Baca Juga: Pemerintahan Trump Ancam Mahkamah Internasional ICC
Pemerintah Chad juga menyatakan telah menyampaikan pemberitahuan resmi kepada Sekretaris Jenderal Perserikatan Bangsa-Bangsa (PBB) Antonio Guterres mengenai keputusan untuk menarik diri dari Statuta Roma, yang menjadi dasar pembentukan ICC.
Dalam pernyataannya, pemerintah Chad menilai ICC terlalu berfokus pada negara-negara di kawasan Afrika. Dari total 13 penyelidikan yang telah dibuka sejak pengadilan itu berdiri, sembilan di antaranya melibatkan negara-negara Afrika, sedangkan hanya empat kasus berasal dari wilayah lain.
"Pengadilan hanya menahan tujuh orang, enam di antaranya diadili dalam situasi di Afrika," kata pernyataan itu.
Cherif menambahkan bahwa keputusan Chad meninggalkan ICC merupakan bagian dari "visi yang lebih luas dan pan-Afrika."
Ia juga menyampaikan kritik terhadap lembaga tersebut dengan mengatakan, "Kami percaya bahwa ICC telah menjadi alat dominasi, instrumen neokolonialisme," katanya.
Baca Juga: Mahkamah Pidana Internasional Keluarkan Surat Perintah Tangkap Benjamin Netanyahu
Dengan keputusan tersebut, Chad menjadi negara Afrika terbaru yang menyatakan niat keluar dari ICC setelah Niger, Mali, dan Burkina Faso yang lebih dahulu mengumumkan langkah serupa pada September tahun lalu.

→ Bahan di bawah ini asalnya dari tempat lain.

theorem theorem2p9:
  fixes \<Omega> :: "(real^'n) set" and t1 t2 :: real
    and AA :: "real^'n \<Rightarrow> real \<Rightarrow> ((real^'n^'n) \<times> real) set set"
    and u :: "real^'n \<Rightarrow> real \<Rightarrow> real"
  assumes "open \<Omega>" and "t1 < t2"
    and "\<And>x t. x \<in> \<Omega> \<Longrightarrow> t \<in> {t1<..<t2} \<Longrightarrow> AA x t \<noteq> {}"
    and "\<And>x t \<A>. x \<in> \<Omega> \<Longrightarrow> t \<in> {t1<..<t2} \<Longrightarrow> \<A> \<in> AA x t \<Longrightarrow> \<A> \<noteq> {}"
    and "\<And>x t \<A> A b. x \<in> \<Omega> \<Longrightarrow> t \<in> {t1<..<t2} \<Longrightarrow> \<A> \<in> AA x t \<Longrightarrow> (A, b) \<in> \<A>
           \<Longrightarrow> psd_matrix A \<and> 0 < b"
    and "\<And>x t. x \<in> \<Omega> \<Longrightarrow> t \<in> {t1<..<t2} \<Longrightarrow> bounded (\<Union> (AA x t))"
    and "continuous_on (\<Omega> \<times> {t1<..<t2}) (\<lambda>(x,t). u x t)"
  shows "viscosity_solution \<Omega> t1 t2 (F_op AA) u \<longleftrightarrow> asymp_viscosity \<Omega> t1 t2 AA u"
proof -
  have sign_iff:
    "((\<lambda>\<epsilon>. max 0 (- phi x t + mean_op AA \<epsilon> phi x t) / \<epsilon>\<^sup>2) \<longlongrightarrow> 0) (at_right 0)
       \<longleftrightarrow> F_op AA x t (phit x t) (D2phi x t) \<le> 0"
    "((\<lambda>\<epsilon>. max 0 (- (- phi x t + mean_op AA \<epsilon> phi x t)) / \<epsilon>\<^sup>2) \<longlongrightarrow> 0) (at_right 0)
       \<longleftrightarrow> F_op AA x t (phit x t) (D2phi x t) \<ge> 0"
    if "x \<in> \<Omega>" "t \<in> {t1<..<t2}" "C21_on (\<Omega> \<times> {t1<..<t2}) phi phit Dphi D2phi"
    for x t phi phit Dphi D2phi
  proof -
    have lim: "((\<lambda>\<epsilon>. (- phi x t + mean_op AA \<epsilon> phi x t) / \<epsilon>\<^sup>2) \<longlongrightarrow>
        F_op AA x t (phit x t) (D2phi x t) / (2 * (real CARD('n) + 2))) (at_right 0)"
      using assms(1,3-6) that by (intro mean_op_asymptotics) (auto intro: open_Times)
    show "((\<lambda>\<epsilon>. max 0 (- phi x t + mean_op AA \<epsilon> phi x t) / \<epsilon>\<^sup>2) \<longlongrightarrow> 0) (at_right 0)
       \<longleftrightarrow> F_op AA x t (phit x t) (D2phi x t) \<le> 0"
      using tendsto_max_zero_divide_iff[OF lim] by (simp add: divide_le_0_iff)
    show "((\<lambda>\<epsilon>. max 0 (- (- phi x t + mean_op AA \<epsilon> phi x t)) / \<epsilon>\<^sup>2) \<longlongrightarrow> 0) (at_right 0)
       \<longleftrightarrow> F_op AA x t (phit x t) (D2phi x t) \<ge> 0"
      using tendsto_max_zero_divide_iff[OF tendsto_minus[OF lim, unfolded minus_divide_left]]
      by (simp add: zero_le_divide_iff)
  qed
  show ?thesis
    unfolding viscosity_solution_def asymp_viscosity_def using assms(7) sign_iff by blast
qed

end
(* Let $p$ be a prime, let $k,n\in\mathbb{N}$, $s\in[n]$, $t\in[p]$, and $\alpha\in(0,1)$. Let $$\boldsymbol{B}^\alpha_{k,s,\geq t}(n) := \left\{\boldsymbol{v}\in(\mathbb{F}_p+i\mathbb{F}_p)^n : R^\alpha_k(\boldsymbol{v}_I)\geq t\cdot\frac{2^{2k}|I|^{2k}}{p} \text{ for every } I\subseteq[n] \text{ with } |I|\geq s\right\}.$$ Then $$|\boldsymbol{B}^\alpha_{k,s,\geq t}(n)| \leq (\alpha t)^{s-n}p^{n+s}.$$
   Context: $\mathbb{F}_p+i\mathbb{F}_p$ denotes the additive group $\mathbb{F}_p^2$, with elements written $a+ib$ ($a,b\in\mathbb{F}_p$) and componentwise addition. $[n]=\{1,\dots,n\}$. For $I\subseteq[n]$ and $\boldsymbol{v}\in(\mathbb{F}_p+i\mathbb{F}_p)^n$, $\boldsymbol{v}_I$ is the vector $(v_i)_{i\in I}$. For a vector $\boldsymbol{w}=(w_i)_{i\in I}$ indexed by a finite set $I$, $k\in\mathbb{N}$ and $\alpha\in[-1,1]$, $R^\alpha_k(\boldsymbol{w})$ is the number of pairs consisting of a sequence $(i_1,\dots,i_{2k})\in I^{2k}$ and a sign pattern $(\epsilon_1,\dots,\epsilon_{2k})\in\{\pm1\}^{2k}$ such that $\epsilon_1w_{i_1}+\dots+\epsilon_{2k}w_{i_{2k}}=0$ and $|\{i_1,\dots,i_{2k}\}|\geq(1+\alpha)k$. *)

theory Defs
  imports Complex_Main "HOL-Library.FuncSet" "HOL-Computational_Algebra.Primes"
begin

text \<open>The additive group F_p + i F_p, elements a+ib represented as pairs (a,b)
  of residues in {0..p-1}; addition is componentwise modulo p.\<close>
definition Fpi :: "nat \<Rightarrow> (int \<times> int) set" where
  "Fpi p = {0..<int p} \<times> {0..<int p}"

definition Rcount :: "nat \<Rightarrow> real \<Rightarrow> nat \<Rightarrow> 'a set \<Rightarrow> ('a \<Rightarrow> int \<times> int) \<Rightarrow> nat" where
  "Rcount p \<alpha> k I w = card {(ii, \<epsilon>).
      ii \<in> {0..<2*k} \<rightarrow>\<^sub>E I \<and> \<epsilon> \<in> {0..<2*k} \<rightarrow>\<^sub>E {-1, 1::int} \<and>
      (\<Sum>j<2*k. \<epsilon> j * fst (w (ii j))) mod int p = 0 \<and>
      (\<Sum>j<2*k. \<epsilon> j * snd (w (ii j))) mod int p = 0 \<and>
      real (card (ii ` {0..<2*k})) \<ge> (1 + \<alpha>) * real k}"

definition Bset :: "nat \<Rightarrow> real \<Rightarrow> nat \<Rightarrow> nat \<Rightarrow> nat \<Rightarrow> nat \<Rightarrow> (nat \<Rightarrow> int \<times> int) set" where
  "Bset p \<alpha> k s t n = {v \<in> {1..n} \<rightarrow>\<^sub>E Fpi p.
      \<forall>I. I \<subseteq> {1..n} \<and> card I \<ge> s \<longrightarrow>
        real (Rcount p \<alpha> k I v) \<ge> real t * 2^(2*k) * real (card I)^(2*k) / real p}"

end

theory Submission
  imports Defs "HOL-Number_Theory.Cong"
begin

text \<open>
  Write B(I) for the vectors on an index set I satisfying the defining condition of
  B^alpha_{k,s,>=t} for all J \<subseteq> I with |J| \<ge> s; we show
  |B(I)| \<le> (p/(\<alpha> t))^(|I|-s) p^(2s) by induction on |I|.
  A counted pair whose 2k indices take at least (1+\<alpha>)k distinct values has at least
  2\<alpha>k indices occurring exactly once.  Double count the triples (w, pair, i) with
  w \<in> B(I) and i occurring once in the pair: for fixed w there are at least
  2\<alpha>k R(w) \<ge> 2\<alpha>k t 4^k |I|^(2k)/p of them.  For fixed i, the zero-sum condition
  determines w_i from w restricted to I - {i} once the pair is fixed, so there are at most
  |B(I - {i})| 2k |I|^(2k-1) 4^k.  Comparing gives |B(I)| \<le> (p/(\<alpha> t)) max_i |B(I - {i})|.
\<close>

lemma finite_Fpi [simp]: "finite (Fpi p)"
  by (simp add: Fpi_def)

lemma card_Fpi: "card (Fpi p) = p * p"
  by (simp add: Fpi_def card_cartesian_product)

definition R_pairs ::
    "nat \<Rightarrow> real \<Rightarrow> nat \<Rightarrow> 'a set \<Rightarrow> ('a \<Rightarrow> int \<times> int) \<Rightarrow> ((nat \<Rightarrow> 'a) \<times> (nat \<Rightarrow> int)) set" where
  "R_pairs p \<alpha> k I w = {(ii, \<epsilon>).
      ii \<in> {0..<2*k} \<rightarrow>\<^sub>E I \<and> \<epsilon> \<in> {0..<2*k} \<rightarrow>\<^sub>E {-1, 1::int} \<and>
      (\<Sum>j<2*k. \<epsilon> j * fst (w (ii j))) mod int p = 0 \<and>
      (\<Sum>j<2*k. \<epsilon> j * snd (w (ii j))) mod int p = 0 \<and>
      real (card (ii ` {0..<2*k})) \<ge> (1 + \<alpha>) * real k}"

lemma Rcount_eq_card_R_pairs: "Rcount p \<alpha> k I w = card (R_pairs p \<alpha> k I w)"
  by (simp add: Rcount_def R_pairs_def)

lemma R_pairs_subset:
  "R_pairs p \<alpha> k I w \<subseteq> ({0..<2*k} \<rightarrow>\<^sub>E I) \<times> ({0..<2*k} \<rightarrow>\<^sub>E {-1, 1::int})"
  by (auto simp: R_pairs_def)
lemma istopology_approached_from_left: "istopology approached_from_left"
  unfolding istopology_def
proof (intro conjI allI impI)
  fix S T assume "approached_from_left S" "approached_from_left T"
  show "approached_from_left (S \<inter> T)"
    unfolding approached_from_left_def
  proof (intro allI impI)
    fix x :: real assume "0 < x" "(x, 0) \<in> S \<inter> T"
    then obtain z1 z2 where z: "z1 < x" "\<forall>y. z1 < y \<and> y < x \<longrightarrow> (y, 0) \<in> S"
      "z2 < x" "\<forall>y. z2 < y \<and> y < x \<longrightarrow> (y, 0) \<in> T"
      using \<open>approached_from_left S\<close> \<open>approached_from_left T\<close>
      unfolding approached_from_left_def by blast
    have "\<forall>y. max z1 z2 < y \<and> y < x \<longrightarrow> (y, 0) \<in> S \<inter> T"
      using z(2,4) by simp
    moreover have "max z1 z2 < x"
      using z(1,3) by simp
    ultimately show "\<exists>z<x. \<forall>y. z < y \<and> y < x \<longrightarrow> (y, 0) \<in> S \<inter> T"
      by blast
  qed
next
  fix \<K> assume \<K>: "\<forall>K\<in>\<K>. approached_from_left K"
  show "approached_from_left (\<Union>\<K>)"
    unfolding approached_from_left_def
  proof (intro allI impI)
    fix x :: real assume "0 < x" "(x, 0) \<in> \<Union>\<K>"
    then obtain K where "K \<in> \<K>" "(x, 0) \<in> K"
      by blast
    with \<K> \<open>0 < x\<close> obtain z where "z < x" "\<forall>y. z < y \<and> y < x \<longrightarrow> (y, 0) \<in> K"
      unfolding approached_from_left_def by blast
    with \<open>K \<in> \<K>\<close> show "\<exists>z<x. \<forall>y. z < y \<and> y < x \<longrightarrow> (y, 0) \<in> \<Union>\<K>"
      by blast
  qed
qed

Sebelumnya, Burundi juga resmi menarik diri dari ICC pada 2017 dengan alasan pengadilan itu lebih banyak menargetkan para pemimpin negara-negara Afrika.
Langkah Chad muncul setelah Venezuela pada Jumat lalu juga memberi tahu PBB mengenai keputusannya untuk keluar dari ICC. Venezuela beralasan pengadilan tersebut memiliki "bias geografis" terhadap negara-negara di kawasan Selatan.
Rencana penarikan diri itu berlangsung di tengah meningkatnya tekanan dan kritik terhadap ICC dari Amerika Serikat. Departemen Luar Negeri AS bahkan menyebut pengadilan tersebut sebagai "korup" dan "tidak memiliki kredibilitas sama sekali."
Baca Juga: Sidang Kasus Presiden Venezuela Nicolas Maduro di AS Dijadwalkan Digelar Juni 2027
Meski bukan negara anggota ICC, Amerika Serikat menyambut baik keputusan Venezuela untuk memulai proses penarikan diri dan mendorong negara lain mengikuti langkah yang sama.
Sejumlah laporan media juga menyebut Asisten Menteri Luar Negeri AS untuk Urusan Afrika, Frank Garcia, telah meminta pemerintah Chad mempertimbangkan kembali status keanggotaannya di ICC.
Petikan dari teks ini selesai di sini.